Don’t Call Them Climate Refugees
Migration

Don’t Call Them Climate Refugees

The majority of people displaced by climate change won’t cross international borders, will not be refugees or migrants

Several women and at least one boy are walking in a group. One of them is talking on a cell phone. Several are sharing umbrellas. The water, even on the train tracks, which are presumably slightly elevated, is up to their ankles.
Commuters walk on waterlogged railway tracks after getting off a stalled train during heavy monsoon rains in Mumbai, India, on July 2, 2019. REUTERS/Francis Mascarenhas

Large and increasing numbers of people are likely to be forced to move due to the climate crisis and its related economic and political consequences. Some estimates project the number of people displaced could reach 300 million—orders of magnitude more displaced people than humanity has ever seen at any point in recorded history. Unlike migrations that follow major disasters this movement will be slower and more subtle.

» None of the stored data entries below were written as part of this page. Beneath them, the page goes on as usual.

lemma index_perm_mat_mult:
  assumes p: "p permutes {..<n}" and A: "(A :: 'k::field mat) \<in> carrier_mat n m"
    and i: "i < n" and j: "j < m"
  shows "(perm_mat n p * A) $$ (i,j) = A $$ (inv_into UNIV p i, j)"
proof -
  have "(perm_mat n p * A) $$ (i,j) = (\<Sum>l<n. if l = inv_into UNIV p i then A $$ (l,j) else 0)"
    unfolding index_mult_mat_sum[OF perm_mat_carrier A i j]
  proof (intro sum.cong refl)
    fix l assume "l \<in> {..<n}"
    moreover have "i = p l \<longleftrightarrow> l = inv_into UNIV p i"
      using permutes_inverses[OF p] by metis
    ultimately show
      "perm_mat n p $$ (i,l) * A $$ (l,j) = (if l = inv_into UNIV p i then A $$ (l,j) else 0)"
      using i by (simp add: perm_mat_def)
  qed
  also have "\<dots> = A $$ (inv_into UNIV p i, j)"
    using permutes_in_image[OF permutes_inv[OF p]] i by simp
  finally show ?thesis .
qed

lemma index_mult_perm_mat:
  assumes p: "p permutes {..<n}" and A: "(A :: 'k::field mat) \<in> carrier_mat m n"
    and i: "i < m" and j: "j < n"
  shows "(A * perm_mat n p) $$ (i,j) = A $$ (i, p j)"
proof -
  have "(A * perm_mat n p) $$ (i,j) = (\<Sum>l<n. if l = p j then A $$ (i,l) else 0)"
    unfolding index_mult_mat_sum[OF A perm_mat_carrier i j]
    using j by (intro sum.cong) (auto simp: perm_mat_def)
  also have "\<dots> = A $$ (i, p j)"
    using permutes_in_image[OF p] j by simp
  finally show ?thesis .
qed

lemma conj_carrier [simp]: "A \<in> carrier_mat n n \<Longrightarrow> conj n p A \<in> carrier_mat n n"
  unfolding conj_def by (auto intro!: mult_carrier_mat)

lemma index_conj:
  assumes p: "p permutes {..<n}" and A: "(A :: 'k::field mat) \<in> carrier_mat n n"
    and i: "i < n" and j: "j < n"
  shows "conj n p A $$ (i,j) = A $$ (inv_into UNIV p i, inv_into UNIV p j)"
proof -
  have qj: "inv_into UNIV p j < n"
    using permutes_in_image[OF permutes_inv[OF p]] j by simp
  have PA: "perm_mat n p * A \<in> carrier_mat n n"
    using A by (auto intro!: mult_carrier_mat)
  show ?thesis
    unfolding conj_def
    using index_mult_perm_mat[OF permutes_inv[OF p] PA i j] index_perm_mat_mult[OF p A i qj]
    by simp
qed

lemma conj_mult:
  assumes p: "p permutes {..<n}"
    and A: "(A :: 'k::field mat) \<in> carrier_mat n n" and B: "B \<in> carrier_mat n n"
  shows "conj n p (A * B) = conj n p A * conj n p B"
proof (rule eq_matI)
  fix i j assume "i < dim_row (conj n p A * conj n p B)" "j < dim_col (conj n p A * conj n p B)"
  then have i: "i < n" and j: "j < n"
    using conj_carrier[OF A, of p] conj_carrier[OF B, of p] by auto
  let ?q = "inv_into UNIV p"
  have q: "?q permutes {..<n}"
    using p by (rule permutes_inv)
  have AB: "A * B \<in> carrier_mat n n"
    using A B by (rule mult_carrier_mat)
  have qn: "?q l < n" if "l < n" for l
    using permutes_in_image[OF q] that by simp
  have "conj n p (A * B) $$ (i,j) = (\<Sum>l<n. A $$ (?q i, l) * B $$ (l, ?q j))"
    by (simp add: index_conj[OF p AB i j] index_mult_mat_sum[OF A B qn[OF i] qn[OF j]])
  also have "\<dots> = (\<Sum>l<n. A $$ (?q i, ?q l) * B $$ (?q l, ?q j))"
    by (subst sum.permute[OF q]) simp
  also have "\<dots> = (conj n p A * conj n p B) $$ (i,j)"
    by (simp add: index_mult_mat_sum[OF conj_carrier[OF A] conj_carrier[OF B] i j]
        index_conj[OF p A] index_conj[OF p B] i j)
  finally show "conj n p (A * B) $$ (i,j) = (conj n p A * conj n p B) $$ (i,j)" .
qed (simp_all add: conj_def perm_mat_def)

lemma conj_one:
  assumes p: "p permutes {..<n}"
  shows "conj n p (1\<^sub>m n) = (1\<^sub>m n :: 'k::field mat)"
proof (rule eq_matI)
  fix i j assume "i < dim_row (1\<^sub>m n :: 'k mat)" "j < dim_col (1\<^sub>m n :: 'k mat)"
  then have i: "i < n" and j: "j < n"
    by auto
  have "inv_into UNIV p i < n" "inv_into UNIV p j < n"
    using permutes_in_image[OF permutes_inv[OF p]] i j by simp_all
  moreover have "inv_into UNIV p i = inv_into UNIV p j \<longleftrightarrow> i = j"
    using permutes_inj[OF permutes_inv[OF p]] by (simp add: inj_eq)
  ultimately show "conj n p (1\<^sub>m n) $$ (i,j) = (1\<^sub>m n :: 'k mat) $$ (i,j)"
    using i j by (simp add: index_conj[OF p one_carrier_mat i j])
qed (simp_all add: conj_def perm_mat_def)

lemma inverts_mat_carrier:
  assumes A: "A \<in> carrier_mat n n" and "inverts_mat A B" "inverts_mat B A"
  shows "(B :: 'k::field mat) \<in> carrier_mat n n"
proof -
  have AB: "A * B = 1\<^sub>m n" and BA: "B * A = 1\<^sub>m (dim_row B)"
    using assms by (simp_all add: inverts_mat_def)
  have "dim_col B = n"
    using arg_cong[OF AB, of dim_col] by simp
  moreover have "dim_row B = n"
    using arg_cong[OF BA, of dim_col] A by simp
  ultimately show ?thesis
    by auto
qed

lemma conj_GLn:
  assumes p: "p permutes {..<n}" and A: "(A :: 'k::field mat) \<in> GLn n"
  shows "conj n p A \<in> GLn n"
proof -
  have AC: "A \<in> carrier_mat n n"
    using A by (rule GLn_carrier)
  obtain B where B: "inverts_mat A B" "inverts_mat B A"
    using A by (auto simp: GLn_def invertible_mat_def)
  have BC: "B \<in> carrier_mat n n"
    by (rule inverts_mat_carrier[OF AC B])
  have "A * B = 1\<^sub>m n" "B * A = 1\<^sub>m n"
    using B AC BC by (auto simp: inverts_mat_def)
  then have "conj n p A * conj n p B = 1\<^sub>m n" "conj n p B * conj n p A = 1\<^sub>m n"
    by (simp_all add: conj_mult[OF p AC BC, symmetric] conj_mult[OF p BC AC, symmetric]
        conj_one[OF p])
  then show ?thesis
    using conj_carrier[OF AC, of p] conj_carrier[OF BC, of p]
    by (auto simp: GLn_def invertible_mat_def inverts_mat_def)
qed

section \<open>Diagonal matrices and the centre of a standard Levi subgroup\<close>

lemma index_diagonal_mult:
  assumes D: "D \<in> carrier_mat n n" "diagonal_mat D" and A: "(A :: 'k::field mat) \<in> carrier_mat n m"
    and i: "i < n" and j: "j < m"
  shows "(D * A) $$ (i,j) = D $$ (i,i) * A $$ (i,j)"
proof -
  have "(D * A) $$ (i,j) = (\<Sum>l<n. if l = i then D $$ (i,i) * A $$ (i,j) else 0)"
    unfolding index_mult_mat_sum[OF D(1) A i j]
    using D i by (intro sum.cong) (auto simp: diagonal_mat_def)
  then show ?thesis
    using i by simp
qed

With climate linked droughts, crop failures, and unemployment disproportionately harming the poorest, people will be forced to move to survive. Most will have inadequate means to afford passports, obtain visas, and purchase airfare to travel thousands of miles across international borders. Instead, they will move by foot or ferry, with hand-carried possessions, to nearby places mostly inside the same country or region.

65.3 M

People are forced to live outside their home today

A recent report highlighting the issue of climate change linked it to coastal submergence. Correcting for past errors, the study predicts a number of heavily-populated centers in low- and middle-income countries will slip underwater by the middle of this century. The study sounds a shockingly stark alarm over Mumbai, warning that this densely-populated urban area of 23 million people is at risk of being “wiped out” by the middle of century. Similar predictions are mentioned for several other cities in low- and middle-income countries where the impacts will be disproportionately severe.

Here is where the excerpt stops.